77-year-old man killed by kangaroo in southwest Australia
A 77-year-old man who may have kept a wild kangaroo as a pet has been killed by the animal in southwestern Australia, police said.
It would be the first fatal attack by a kangaroo in Australia since 1936.
A relative found the man with ‘severe injuries’ at his semi-rural property in Redmond, 250 miles southeast of Western Australia’s state capital, Perth.
He was believed to have been attacked earlier in the day by the kangaroo, which police shot dead because it was preventing paramedics from reaching the injured man.
“The kangaroo posed an ongoing threat to emergency responders,” police said.
The man died at the scene. The police prepare a report for a coroner who will record an official cause of death.
Police believe the victim kept the wild kangaroo as a pet.
There are legal restrictions on keeping Australian native wildlife as pets, but the police media office said it had no information to release as to whether the victim had a permit.
Tanya Irwin, who cares for kangaroos at Native Animal Rescue in Perth, said authorities rarely issue permits to keep animals in Western Australia.
“It looks like an adult male and they get quite aggressive and they don’t do well in captivity,” Ms Irwin said.
“We don’t know what the situation was – if he was in pain or why he was being held in captivity and unfortunately…he’s not a cute animal, he’s a wild animal,” she added.
Ms Irwin said her rescue center is still rehabilitating native animals with the aim of getting them back into the wild, especially kangaroos.
“You need a special permit to be able to do that.

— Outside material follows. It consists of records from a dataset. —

(* Let $(\Re,\oplus,\circ)$ be a commutative Krasner hyperring with identity $1\neq 0$, let $N$ be a proper hyperideal of $\Re$, and let $\phi:L(\Re)\to L(\Re)\cup\{\emptyset\}$ be a function with $\phi(N)\subseteq N$. Then the following are equivalent: (i) $N$ is a $\phi$-prime hyperideal of $\Re$; (ii) for every $a\in\Re- N$, $(N:a)=N\cup(\phi(N):a)$; (iii) for every $a\in\Re- N$, $(N:a)=N$ or $(N:a)=(\phi(N):a)$; (iv) for all hyperideals $K,L$ of $\Re$ with $K\circ L\subseteq N$ and $K\circ L\not\subseteq\phi(N)$, we have $K\subseteq N$ or $L\subseteq N$.
   Context: A commutative Krasner hyperring with identity is $(\Re,\oplus,\circ)$ where $(\Re,\oplus)$ is a canonical hypergroup (the hyperoperation $\oplus:\Re\times\Re\to P^*(\Re)$ is associative and commutative; there is $0$ with $a\oplus 0=\{a\}$; each $a$ has a unique $-a$ with $0\in a\oplus(-a)$; and $c\in a\oplus b$ implies $b\in c\oplus(-a)$ and $a\in c\oplus(-b)$), $(\Re,\circ)$ is a commutative semigroup with identity $1\neq0$ and $a\circ 0=0$, and $\circ$ distributes over $\oplus$. A hyperideal is a nonempty $N\subseteq\Re$ with $a\oplus(-b)\subseteq N$ and $r\circ a\in N$ for all $a,b\in N$, $r\in\Re$; $L(\Re)$ is the set of hyperideals. For $I\in L(\Re)\cup\{\emptyset\}$ and $a\in\Re$, $(I:a)=\{x\in\Re: x\circ a\in I\}$. For hyperideals $K,L$, $K\circ L$ is the hyperideal generated by $\{k\circ l: k\in K,l\in L\}$. "$x\in N-\phi(N)$" means $x\in N$ and $x\notin\phi(N)$. A hyperideal $N$ is $\phi$-prime if for all $a,b\in\Re$, $a\circ b\in N-\phi(N)$ implies $a\in N$ or $b\in N$. *)

theory Defs
  imports Main
begin

definition hneg :: "('a \<Rightarrow> 'a \<Rightarrow> 'a set) \<Rightarrow> 'a \<Rightarrow> 'a \<Rightarrow> 'a" where
  "hneg add zero a = (THE b. zero \<in> add a b)"

definition canonical_hypergroup :: "('a \<Rightarrow> 'a \<Rightarrow> 'a set) \<Rightarrow> 'a \<Rightarrow> bool" where
  "canonical_hypergroup add zero \<longleftrightarrow>
     (\<forall>a b. add a b \<noteq> {}) \<and>
     (\<forall>a b c. (\<Union>x\<in>add a b. add x c) = (\<Union>x\<in>add b c. add a x)) \<and>
     (\<forall>a b. add a b = add b a) \<and>
     (\<forall>a. add a zero = {a}) \<and>
     (\<forall>a. \<exists>!b. zero \<in> add a b) \<and>
     (\<forall>a b c. c \<in> add a b \<longrightarrow>
         b \<in> add c (hneg add zero a) \<and> a \<in> add c (hneg add zero b))"

definition comm_krasner_hyperring ::
  "('a \<Rightarrow> 'a \<Rightarrow> 'a set) \<Rightarrow> ('a \<Rightarrow> 'a \<Rightarrow> 'a) \<Rightarrow> 'a \<Rightarrow> 'a \<Rightarrow> bool" where
  "comm_krasner_hyperring add mult zero one \<longleftrightarrow>
     canonical_hypergroup add zero \<and>
     (\<forall>a b c. mult (mult a b) c = mult a (mult b c)) \<and>
     (\<forall>a b. mult a b = mult b a) \<and>
     (\<forall>a. mult a one = a) \<and>
     one \<noteq> zero \<and>
     (\<forall>a. mult a zero = zero) \<and>
     (\<forall>r a b. mult r ` add a b = add (mult r a) (mult r b))"

definition hyperideal ::
  "('a \<Rightarrow> 'a \<Rightarrow> 'a set) \<Rightarrow> ('a \<Rightarrow> 'a \<Rightarrow> 'a) \<Rightarrow> 'a \<Rightarrow> 'a set \<Rightarrow> bool" where
  "hyperideal add mult zero N \<longleftrightarrow>
     N \<noteq> {} \<and>
     (\<forall>a\<in>N. \<forall>b\<in>N. add a (hneg add zero b) \<subseteq> N) \<and>
     (\<forall>r a. a \<in> N \<longrightarrow> mult r a \<in> N)"

definition hcolon :: "('a \<Rightarrow> 'a \<Rightarrow> 'a) \<Rightarrow> 'a set \<Rightarrow> 'a \<Rightarrow> 'a set" where
  "hcolon mult I a = {x. mult x a \<in> I}"

definition hideal_prod ::
  "('a \<Rightarrow> 'a \<Rightarrow> 'a set) \<Rightarrow> ('a \<Rightarrow> 'a \<Rightarrow> 'a) \<Rightarrow> 'a \<Rightarrow> 'a set \<Rightarrow> 'a set \<Rightarrow> 'a set" where
  "hideal_prod add mult zero K L =
     \<Inter>{J. hyperideal add mult zero J \<and> {mult k l | k l. k \<in> K \<and> l \<in> L} \<subseteq> J}"

definition phi_prime ::
  "('a \<Rightarrow> 'a \<Rightarrow> 'a set) \<Rightarrow> ('a \<Rightarrow> 'a \<Rightarrow> 'a) \<Rightarrow> 'a \<Rightarrow> ('a set \<Rightarrow> 'a set) \<Rightarrow> 'a set \<Rightarrow> bool" where
  "phi_prime add mult zero phi N \<longleftrightarrow>
     hyperideal add mult zero N \<and>
     (\<forall>a b. mult a b \<in> N \<and> mult a b \<notin> phi N \<longrightarrow> a \<in> N \<or> b \<in> N)"

end

(*
  The colon (N : a) is a hyperideal containing N \<union> (\<phi>(N) : a), and \<phi>-primeness says
  precisely that the two coincide whenever a \<notin> N. A hyperideal that is the union of two
  hyperideals equals one of them (a sum of elements taken from the two differences would lie
  in neither), which gives the dichotomy (N : a) = N or (N : a) = (\<phi>(N) : a).
  For the statement about products K \<circ> L \<subseteq> N with K, L \<nsubseteq> N: the dichotomy forces
  k L \<subseteq> \<phi>(N) for every k \<in> K - N, and every element of K \<inter> N is a difference of two
  elements of K - N, so K \<circ> L \<subseteq> \<phi>(N). Conversely, principal hyperideals reduce the
  product condition to \<phi>-primeness.
*)
theory Submission
  imports Defs
begin

lemma canonical_hypergroupD:
  assumes "canonical_hypergroup add zero"
  shows "add a b \<noteq> {}" and "add a b = add b a" and "add a zero = {a}"
    and "\<exists>!b. zero \<in> add a b"
    and "c \<in> add a b \<Longrightarrow> b \<in> add c (hneg add zero a)"
    and "c \<in> add a b \<Longrightarrow> a \<in> add c (hneg add zero b)"
  using assms unfolding canonical_hypergroup_def by metis+

lemma comm_krasner_hyperringD:
  assumes "comm_krasner_hyperring add mult zero one"
  shows "canonical_hypergroup add zero" and "mult (mult a b) c = mult a (mult b c)"
    and "mult a b = mult b a" and "mult a one = a" and "mult a zero = zero"
    and "mult r ` add a b = add (mult r a) (mult r b)"
  using assms unfolding comm_krasner_hyperring_def by metis+

locale krasner_hypergroup =
  fixes add :: "'a \<Rightarrow> 'a \<Rightarrow> 'a set" and zero :: 'a
  assumes canonical: "canonical_hypergroup add zero"
begin

abbreviation neg :: "'a \<Rightarrow> 'a" where
  "neg a \<equiv> hneg add zero a"

lemmas add_nonempty = canonical_hypergroupD(1)[OF canonical]
lemmas add_commute = canonical_hypergroupD(2)[OF canonical]
lemmas add_zero_right = canonical_hypergroupD(3)[OF canonical]
lemmas mem_add_neg_left = canonical_hypergroupD(5)[OF canonical]
lemmas mem_add_neg_right = canonical_hypergroupD(6)[OF canonical]

lemma zero_mem_add_neg: "zero \<in> add a (neg a)"
  unfolding hneg_def using canonical_hypergroupD(4)[OF canonical] by (rule theI')

lemma neg_unique: "zero \<in> add a b \<Longrightarrow> b = neg a"
  using canonical_hypergroupD(4)[OF canonical] zero_mem_add_neg by blast

lemma neg_neg: "neg (neg a) = a"
  using zero_mem_add_neg add_commute neg_unique by metis

lemma hyperideal_diff: "hyperideal add mult zero I \<Longrightarrow> a \<in> I \<Longrightarrow> b \<in> I \<Longrightarrow> add a (neg b) \<subseteq> I"
  unfolding hyperideal_def by blast

lemma hyperideal_zero: "hyperideal add mult zero I \<Longrightarrow> zero \<in> I"
  using hyperideal_diff zero_mem_add_neg unfolding hyperideal_def by blast

lemma hyperideal_neg: "hyperideal add mult zero I \<Longrightarrow> a \<in> I \<Longrightarrow> neg a \<in> I"
  using hyperideal_diff[of _ _ zero a] hyperideal_zero add_commute add_zero_right by blast

lemma hyperideal_add: "hyperideal add mult zero I \<Longrightarrow> a \<in> I \<Longrightarrow> b \<in> I \<Longrightarrow> add a b \<subseteq> I"
  using hyperideal_diff[of _ _ a "neg b"] hyperideal_neg neg_neg by metis

lemma hyperideal_union_cases:
  assumes J: "hyperideal add mult zero J" and K: "hyperideal add mult zero K"
    and JK: "hyperideal add mult zero (J \<union> K)"
  shows "J \<subseteq> K \<or> K \<subseteq> J"
proof (rule ccontr)
  assume "\<not> (J \<subseteq> K \<or> K \<subseteq> J)"
  then obtain x y where x: "x \<in> J" "x \<notin> K" and y: "y \<in> K" "y \<notin> J" by blast
  obtain z where z: "z \<in> add x y" using add_nonempty by blast
  have "z \<in> J \<union> K" using z hyperideal_add[OF JK] x y by blast
  then show False
  proof
    assume "z \<in> J"
    then show False using mem_add_neg_left[OF z] hyperideal_diff[OF J] x y by blast
  next
    assume "z \<in> K"
    then show False using mem_add_neg_right[OF z] hyperideal_diff[OF K] x y by blast
  qed
qed

lemma hyperideal_mem_add_neg_outside:
  assumes K: "hyperideal add mult zero K" and N: "hyperideal add mult zero N"
    and a: "a \<in> K" "a \<in> N" and b: "b \<in> K" "b \<notin> N"
  obtains z where "z \<in> K" "z \<notin> N" "a \<in> add z (neg b)"
proof -
  obtain z where z: "z \<in> add a b" using add_nonempty by blast
  have "z \<in> K" using z hyperideal_add[OF K a(1) b(1)] by blast
  moreover have "z \<notin> N" using mem_add_neg_left[OF z] hyperideal_diff[OF N _ a(2)] b(2) by blast
  ultimately show thesis using that mem_add_neg_right[OF z] by blast
qed

end

lemma mem_hideal_prod: "k \<in> K \<Longrightarrow> l \<in> L \<Longrightarrow> mult k l \<in> hideal_prod add mult zero K L"
  unfolding hideal_prod_def by blast

lemma hideal_prod_subset:
  "hyperideal add mult zero J \<Longrightarrow> (\<And>k l. k \<in> K \<Longrightarrow> l \<in> L \<Longrightarrow> mult k l \<in> J)
   \<Longrightarrow> hideal_prod add mult zero K L \<subseteq> J"
  unfolding hideal_prod_def by blast

lemma hcolon_mono: "P \<subseteq> N \<Longrightarrow> hcolon mult P a \<subseteq> hcolon mult N a"
  unfolding hcolon_def by blast

lemma hcolon_empty [simp]: "hcolon mult {} a = {}"
  unfolding hcolon_def by blast

locale krasner_hyperring =
  fixes add :: "'a \<Rightarrow> 'a \<Rightarrow> 'a set" and mult :: "'a \<Rightarrow> 'a \<Rightarrow> 'a" and zero one :: 'a
  assumes ring: "comm_krasner_hyperring add mult zero one"

sublocale krasner_hyperring \<subseteq> krasner_hypergroup add zero
  by unfold_locales (rule comm_krasner_hyperringD(1)[OF ring])

context krasner_hyperring
begin

lemmas mult_assoc = comm_krasner_hyperringD(2)[OF ring]
lemmas mult_commute = comm_krasner_hyperringD(3)[OF ring]
lemmas mult_add_distrib = comm_krasner_hyperringD(6)[OF ring]

lemma mult_one_left: "mult one a = a"
  using comm_krasner_hyperringD(4)[OF ring] mult_commute by metis

lemma mult_zero_left: "mult zero a = zero"
  using comm_krasner_hyperringD(5)[OF ring] mult_commute by metis

lemma mult_mem_add: "z \<in> add x y \<Longrightarrow> mult z a \<in> add (mult x a) (mult y a)"
  using mult_add_distrib[of a x y] mult_commute by (metis image_eqI)

lemma neg_mult: "neg (mult a b) = mult (neg a) b"
proof -
  have "zero \<in> add (mult a b) (mult (neg a) b)"
    using mult_mem_add[OF zero_mem_add_neg] mult_zero_left by metis
  then show ?thesis by (rule neg_unique[symmetric])
qed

I don’t believe they really give them out very often, unless you’re a wildlife center with trained people who know what they’re doing,” she said.
Western gray kangaroos are common in southwestern Australia. They can weigh up to 54 kg (119 pounds) and stand 1.3 m (4 ft 3 in).
Males can be aggressive and fight people with the same techniques they use against each other. They use their short upper limbs to grapple with their opponent, use their muscular tails to support their body weight, and then lash out with their powerful clawed hind legs.
In 1936, 38-year-old William Cruickshank died in a hospital in Hillston, New South Wales a few months after being attacked by a kangaroo.
Ms Cruickshank suffered serious head injuries, including a broken jaw, while trying to save her two dogs from a large kangaroo, The Sydney Morning Herald newspaper reported at the time.